Speculation abounds on the state of the economy and where it’s going next. The only thing truly clear is that uncertainty is currently the predominant driving force for retailers and wholesalers.
Typically, in uncertain times, traditional thinking is to hold steady and hunker down. While this wisdom may have served businesses well in the past — say, pre-pandemic — indications are that staying conservative today is more apt to move a retailer or wholesaler into irrelevance rather than ensure its survival.
The good news is that there are now tools, tactics, and technologies that that can help you become more creative in driving revenue rather than staying statically risk averse.
Note that no matter how uncertain times may be, three principles are fixed in retail: knowing the customer, knowing the competition, and recognizing and responding to changing dynamics in the market.
And the bedrock solutions and methodologies retailers use to thrive rather than simply survive also remain steadfast:
- Scalable, end-to-end operational systems (connecting and optimizing everything from inventory to customer engagement to accounting)
- Complete collection, centralization, and dissemination of actionable customer, market, internal, and competitor data (there’s no substitute for master data management in retail).
Here are some examples…
Best Buy and Circuit City
In the recent past, Best Buy and Circuit City were fierce competitors with comparable merchandise offering and pricing.
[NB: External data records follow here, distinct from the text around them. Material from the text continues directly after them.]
(* Let $m,g>0$ and $\epsilon\geq 0$. Consider the planar taut-cable tethered UAV model described in the context, and let $\mathcal{S}_\epsilon$ denote its set of attainable equilibria with safety margin $\epsilon$. Then $\mathcal{S}_\epsilon$ consists exactly of the triples $(\bar r,\bar\alpha,\bar\theta)$ satisfying $\bar r>0$, $\bar\alpha\in[0,\pi]$ and \[ \begin{cases} \bar\theta\in\left(\bar\theta_\epsilon(\bar\alpha),\ \frac{\pi}{2}-\bar\alpha\right) & \text{if } \bar\alpha\in\left[0,\frac{\pi}{2}\right),\\ \bar\theta=0 & \text{if } \bar\alpha=\frac{\pi}{2},\\ \bar\theta\in\left(\frac{\pi}{2}-\bar\alpha,\ \bar\theta_\epsilon(\bar\alpha)\right) & \text{if } \bar\alpha\in\left(\frac{\pi}{2},\pi\right], \end{cases} \] where \[ \bar\theta_\epsilon(\bar\alpha)=\begin{cases}\arctan\left(\frac{\epsilon}{mg\cos\bar\alpha}+\tan\bar\alpha\right)-\bar\alpha & \text{if } \bar\alpha\in\left[0,\frac{\pi}{2}\right),\\[2pt] \arctan\left(\frac{\epsilon}{mg\cos\bar\alpha}+\tan\bar\alpha\right)+\pi-\bar\alpha & \text{if } \bar\alpha\in\left(\frac{\pi}{2},\pi\right],\end{cases} \] with $\arctan$ the principal branch with values in $(-\pi/2,\pi/2)$. Moreover, the cable tension at equilibrium is $\bar T=mg\left(\tan(\bar\alpha+\bar\theta)\cos\bar\alpha-\sin\bar\alpha\right)$ if $\bar\alpha\in[0,\pi]\setminus\{\pi/2\}$, while if $\bar\alpha=\pi/2$ the equilibrium tension can be any value in $\mathbb{R}_{>0}$ (depending on the constant thrust).
   Context: Model: a planar UAV of mass $m>0$ and moment of inertia $\mathcal{J}>0$, subject to gravity $g>0$, is connected to the ground by a taut cable wound on a winch of radius $\rho>0$ and moment of inertia $\mathcal{I}>0$. Its polar coordinates are the radial position $r>0$ and elevation angle $\alpha\in[0,\pi]$; its pitch angle is $\theta\in(-\pi,\pi]$. Inputs are total thrust $u_1\geq 0$, torque $u_2\in\mathbb{R}$ and winch torque $u_3\in\mathbb{R}$. The taut-cable dynamics are \[ \ddot r=\tfrac{\rho}{\mathcal I}u_3+\tfrac{\rho^2}{\mathcal I}T,\quad \ddot\alpha=-\tfrac{1}{r}\left(2\dot r\dot\alpha+g\cos\alpha\right)+\tfrac{1}{mr}u_1\cos(\alpha+\theta),\quad \ddot\theta=\tfrac{1}{\mathcal J}u_2, \] where the cable tension is $T=mr\dot\alpha^2-mg\sin\alpha+u_1\sin(\alpha+\theta)-m\ddot r$. A triple $(\bar r,\bar\alpha,\bar\theta)$ with $\bar r>0$, $\bar\alpha\in[0,\pi]$, $\bar\theta\in(-\pi,\pi]$ is an equilibrium if there are constant inputs $\bar u_1\geq0,\bar u_2,\bar u_3$ for which the constant trajectory $(r,\alpha,\theta)\equiv(\bar r,\bar\alpha,\bar\theta)$ solves the dynamics; the corresponding equilibrium tension is $\bar T=\bar u_1\sin(\bar\alpha+\bar\theta)-mg\sin\bar\alpha$. Given $\epsilon\geq 0$, the set of attainable equilibria $\mathcal{S}_\epsilon$ is the set of equilibria $(\bar r,\bar\alpha,\bar\theta)$ admitting such constant inputs with $\bar T>\epsilon$. *)

theory Defs
  imports Complex_Main
begin

definition tension :: "real \<Rightarrow> real \<Rightarrow> real \<Rightarrow> real \<Rightarrow> real \<Rightarrow> real \<Rightarrow> real \<Rightarrow> real \<Rightarrow> real" where
  "tension m g r dalpha alpha theta u1 ddr =
     m * r * dalpha\<^sup>2 - m * g * sin alpha + u1 * sin (alpha + theta) - m * ddr"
That one failed and one thrived serve to illustrate the points above.
What Best Buy recognized was the dynamics were changing for their customers. Customers were now buying new technologies with which that had limited experience and comfort.
Knowing this about their customers became the impetus to create a new operations model where more than a product was sold: confidence was sold. Best Buy did this by making an investment in building out their “Geek Squad,” a service model built on both product and customer data.
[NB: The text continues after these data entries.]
(* Let $X^{(\kappa)}_N$ be a twisted affine type. (1) There is a ring homomorphism $\varphi:\mathcal{Y}(X^{(\kappa)}_N)\to\mathcal{T}(X^{(\kappa)}_N)$ with $\varphi(Y^{(a)}_m(u))=\dfrac{M^{(a)}_m(u)}{T^{(a)}_{m-1}(u)T^{(a)}_{m+1}(u)}$ ($T^{(a)}_0(u)=1$) for all $a\in I_\sigma$, $m\in\mathbb{N}$, $u\in\mathbb{C}_{\kappa_a\hbar}$. (2) There is a ring homomorphism $\psi:\mathcal{T}(X^{(\kappa)}_N)\to\mathcal{Y}(X^{(\kappa)}_N)$ such that $\psi\circ\varphi=\mathrm{id}_{\mathcal{Y}(X^{(\kappa)}_N)}$.
   Context: Fix $\hbar\in\mathbb{C}\setminus2\pi\sqrt{-1}\mathbb{Q}$; $\mathbb{C}_c:=\mathbb{C}/(2\pi\sqrt{-1}/c)\mathbb{Z}$. Types: $A^{(2)}_{2r-1}$ ($r\ge2$), $A^{(2)}_{2r}$ ($r\ge1$), $D^{(2)}_{r+1}$ ($r\ge3$), $E^{(2)}_6$, $D^{(3)}_4$; $\kappa=3$ for $D^{(3)}_4$ and $2$ otherwise; $I_\sigma=\{1,\dots,r\}$ in the first three cases, $\{1,2,3,4\}$ for $E^{(2)}_6$, $\{1,2\}$ for $D^{(3)}_4$. $\kappa_a$: $A^{(2)}_{2r-1}$: $\kappa_a=1$ ($a<r$), $\kappa_r=2$; $A^{(2)}_{2r}$: all $1$; $D^{(2)}_{r+1}$: $\kappa_a=2$ ($a<r$), $\kappa_r=1$; $E^{(2)}_6$: $\kappa_1=\kappa_2=1$, $\kappa_3=\kappa_4=2$; $D^{(3)}_4$: $\kappa_1=1$, $\kappa_2=3$. $\Omega=2\pi\sqrt{-1}/(\kappa\hbar)$. $M^{(a)}_m(u)$: $A^{(2)}_{2r-1}$: $T^{(a-1)}_m(u)T^{(a+1)}_m(u)$ ($a\le r-1$), $M^{(r)}_m=T^{(r-1)}_m(u)T^{(r-1)}_m(u+\Omega)$; $A^{(2)}_{2r}$: $T^{(a-1)}_m(u)T^{(a+1)}_m(u)$ ($a\le r-1$), $M^{(r)}_m=T^{(r-1)}_m(u)T^{(r)}_m(u+\Omega)$; $D^{(2)}_{r+1}$: $T^{(a-1)}_m(u)T^{(a+1)}_m(u)$ ($a\le r-2$), $M^{(r-1)}_m=T^{(r-2)}_m(u)T^{(r)}_m(u)T^{(r)}_m(u+\Omega)$, $M^{(r)}_m=T^{(r-1)}_m(u)$; $E^{(2)}_6$: $M^{(1)}_m=T^{(2)}_m(u)$, $M^{(2)}_m=T^{(1)}_m(u)T^{(3)}_m(u)$, $M^{(3)}_m=T^{(2)}_m(u)T^{(2)}_m(u+\Omega)T^{(4)}_m(u)$, $M^{(4)}_m=T^{(3)}_m(u)$; $D^{(3)}_4$: $M^{(1)}_m=T^{(2)}_m(u)$, $M^{(2)}_m=T^{(1)}_m(u)T^{(1)}_m(u-\Omega)T^{(1)}_m(u+\Omega)$; with $T^{(0)}_m=1$. $\mathcal{T}(X^{(\kappa)}_N)$: commutative ring with generators $T^{(a)}_m(u)^{\pm1}$ ($a\in I_\sigma$, $m\in\mathbb{N}$, $u\in\mathbb{C}_{\kappa_a\hbar}$) and relations $T^{(a)}_m(u-1)T^{(a)}_m(u+1)=T^{(a)}_{m-1}(u)T^{(a)}_{m+1}(u)+M^{(a)}_m(u)$, $T^{(a)}_0=1$. $\mathcal{Y}(X^{(\kappa)}_N)$: commutative ring with generators $Y^{(a)}_m(u)^{\pm1}$, $(1+Y^{(a)}_m(u))^{-1}$ (same index set) and relations $Y^{(a)}_m(u-1)Y^{(a)}_m(u+1)=\dfrac{N^{(a)}_m(u)}{(1+Y^{(a)}_{m-1}(u)^{-1})(1+Y^{(a)}_{m+1}(u)^{-1})}$, with $Y^{(a)}_0(u)^{-1}=0$, where $N^{(a)}_m(u)$ is obtained from $M^{(a)}_m(u)$ by replacing every factor $T^{(b)}_m(v)$ with $1+Y^{(b)}_m(v)$ (and $Y^{(0)}_m=0$); e.g. for $A^{(2)}_{2r-1}$, $N^{(r)}_m=(1+Y^{(r-1)}_m(u))(1+Y^{(r-1)}_m(u+\Omega))$. *)

theory Defs
  imports "HOL-Library.Poly_Mapping" "HOL-Algebra.QuotRing" "HOL-Algebra.Ideal" Complex_Main
begin

datatype twisted_type =
    A2odd nat    (* A^(2)_{2r-1}, r >= 2 *)
  | A2even nat   (* A^(2)_{2r},   r >= 1 *)
  | D2 nat       (* D^(2)_{r+1},  r >= 3 *)
  | E6_2
  | D4_3

fun valid_twisted :: "twisted_type \<Rightarrow> bool" where
  "valid_twisted (A2odd r) = (r \<ge> 2)"
| "valid_twisted (A2even r) = (r \<ge> 1)"
| "valid_twisted (D2 r) = (r \<ge> 3)"
| "valid_twisted E6_2 = True"
| "valid_twisted D4_3 = True"

fun kappa :: "twisted_type \<Rightarrow> nat" where
  "kappa D4_3 = 3"
| "kappa _ = 2"

fun I_sigma :: "twisted_type \<Rightarrow> nat set" where
  "I_sigma (A2odd r) = {1..r}"
| "I_sigma (A2even r) = {1..r}"
| "I_sigma (D2 r) = {1..r}"
| "I_sigma E6_2 = {1,2,3,4}"
| "I_sigma D4_3 = {1,2}"

fun kappa_a :: "twisted_type \<Rightarrow> nat \<Rightarrow> nat" where
  "kappa_a (A2odd r) a = (if a < r then 1 else 2)"
| "kappa_a (A2even r) a = 1"
| "kappa_a (D2 r) a = (if a < r then 2 else 1)"
| "kappa_a E6_2 a = (if a \<le> 2 then 1 else 2)"
| "kappa_a D4_3 a = (if a = 1 then 1 else 3)"

definition Omega :: "twisted_type \<Rightarrow> complex \<Rightarrow> complex" where
  "Omega X h = 2 * pi * \<i> / (of_nat (kappa X) * h)"

text \<open>Period of the spectral parameter of nodes a: u lives in C / (2 pi i/(kappa_a h)) Z.\<close>
definition period :: "twisted_type \<Rightarrow> complex \<Rightarrow> nat \<Rightarrow> complex" where
  "period X h a = 2 * pi * \<i> / (of_nat (kappa_a X a) * h)"

text \<open>M^{(a)}_m(u), expressed in terms of a family T b m v (which must return 1 for b = 0).\<close>
fun Mexpr :: "twisted_type \<Rightarrow> complex \<Rightarrow> (nat \<Rightarrow> nat \<Rightarrow> complex \<Rightarrow> 'r::comm_ring_1)
               \<Rightarrow> nat \<Rightarrow> nat \<Rightarrow> complex \<Rightarrow> 'r" where
  "Mexpr (A2odd r) h T a m u =
     (if a \<le> r - 1 then T (a - 1) m u * T (a + 1) m u
      else T (r - 1) m u * T (r - 1) m (u + Omega (A2odd r) h))"
| "Mexpr (A2even r) h T a m u =
     (if a \<le> r - 1 then T (a - 1) m u * T (a + 1) m u
      else T (r - 1) m u * T r m (u + Omega (A2even r) h))"
| "Mexpr (D2 r) h T a m u =
     (if a \<le> r - 2 then T (a - 1) m u * T (a + 1) m u
      else if a = r - 1 then T (r - 2) m u * T r m u * T r m (u + Omega (D2 r) h)
      else T (r - 1) m u)"
| "Mexpr E6_2 h T a m u =
     (if a = 1 then T 2 m u
      else if a = 2 then T 1 m u * T 3 m u
      else if a = 3 then T 2 m u * T 2 m (u + Omega E6_2 h) * T 4 m u
      else T 3 m u)"
| "Mexpr D4_3 h T a m u =
     (if a = 1 then T 2 m u
      else T 1 m u * T 1 m (u - Omega D4_3 h) * T 1 m (u + Omega D4_3 h))"

type_synonym 'v zpoly = "('v \<Rightarrow>\<^sub>0 nat) \<Rightarrow>\<^sub>0 int"

definition var :: "'v \<Rightarrow> 'v zpoly" where
  "var v = Poly_Mapping.single (Poly_Mapping.single v 1) 1"

definition poly_ring :: "'v zpoly ring" where
  "poly_ring = \<lparr>carrier = UNIV, monoid.mult = (*), one = 1, zero = 0, add = (+)\<rparr>"

text \<open>The commutative ring presented by generators 'v and relations rels (each relation r means r = 0).\<close>
definition presented_ring :: "'v zpoly set \<Rightarrow> 'v zpoly set ring" where
  "presented_ring rels = poly_ring Quot (genideal poly_ring rels)"

definition cls :: "'v zpoly set \<Rightarrow> 'v zpoly \<Rightarrow> 'v zpoly set" where
  "cls rels p = a_r_coset poly_ring (genideal poly_ring rels) p"

text \<open>TG a m u stands for T^{(a)}_m(u), TI a m u for its inverse.\<close>
datatype tgen = TG nat nat complex | TI nat nat complex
Customers could make a purchase and schedule any level of support including in-home delivery, installation, setup and training. Best Buy then expanded this to instore ad hoc support inquiries. What started as primarily support of personal computers grew to cover product lines of new technologies including digital cameras, flatscreen TVs, and mobile phones.
This new service model not only created an additional revenue stream but offered a powerful differentiator in the market. Customers now could buy with confidence as after-sale support assured them that they would realize full value and utility of their purchase. Best Buy in turn realized the full value of the customer’s loyalty.
This approach served to get them through an economic downturn that claimed Circuit City and several other electronics retailers as casualties.
Amazon and Whole Foods
Amazon’s acquisition of Whole Foods was about more than groceries.
Much like Best Buy, Amazon knew its customers and understood the importance of convenience to them. On the other side of the equation, though Whole Foods was successful in its own space, it could see the need to expand its reach and capabilities.
The acquisition gave Amazon an immediate national brick-and-mortar presence, and Whole Foods a robust digital ordering platform: win-win. Amazon also gained a base of demographically desirable shoppers to whom they could offer additional products and services beyond grocery.
The pandemic brought changes to the partnership as well, serving as a catalyst for scaling Whole Foods to offer scheduled home deliveries and grocery pick-up at the store. These service offerings built immediate customer loyalty during the pandemic, and also helped assure growth beyond it having connected customers with a new — and now expected — level of convenience.
Additionally, Amazon was able to leverage the brick-and-mortar presence by offering order pickup and returns at Whole Foods locations for anything ordered online through Amazon, providing yet another additional level of service and convenience to customers of both organizations.
This series of wins for Amazon, Whole Foods, and its customers was made possible through an investment in data management and integrated operations, which created a 360-degree view of the “Amazon-Whole-Foods-customer” rather than one customer of two different companies. This thoroughly integrated model develops a full picture of each customer from countless touchpoints, resulting in a crystal-clear view of not just their purchases, but their preferences.
Using what you have… and what you don’t
While what Best Buy and Amazon did differs drastically — one leveraged existing resources, one formed a new partnership/acquisition — the fundamentals are the same. In each instance, the retailer understood its customer, the competitive environment, and the imperative for change.
In so far as these businesses turned trying times into profitable ones, the Amazon story makes a little more immediate sense, as the online shopping/home delivery model it perfected years ago went sky-high during the pandemic and has essentially changed how people shop.
But the Best Buy story is, in many ways, a story of leveraging uncertainty, too: the customers’ uncertainty.
It knew it had the resources to serve customers in a traditional “IT tech support” method, with its Geek Squad delivering break/fix support services to customers. But in positioning this team as support for ALL devices and equipment it sells, Best Buy turned a supporting team into a sales team by removing customer uncertainty and replacing it with customer confidence.
What’s next in retail? No one can say for certain. But with the right foundation, the right data, and the willingness to be bold and creative, success is certainly in the cards.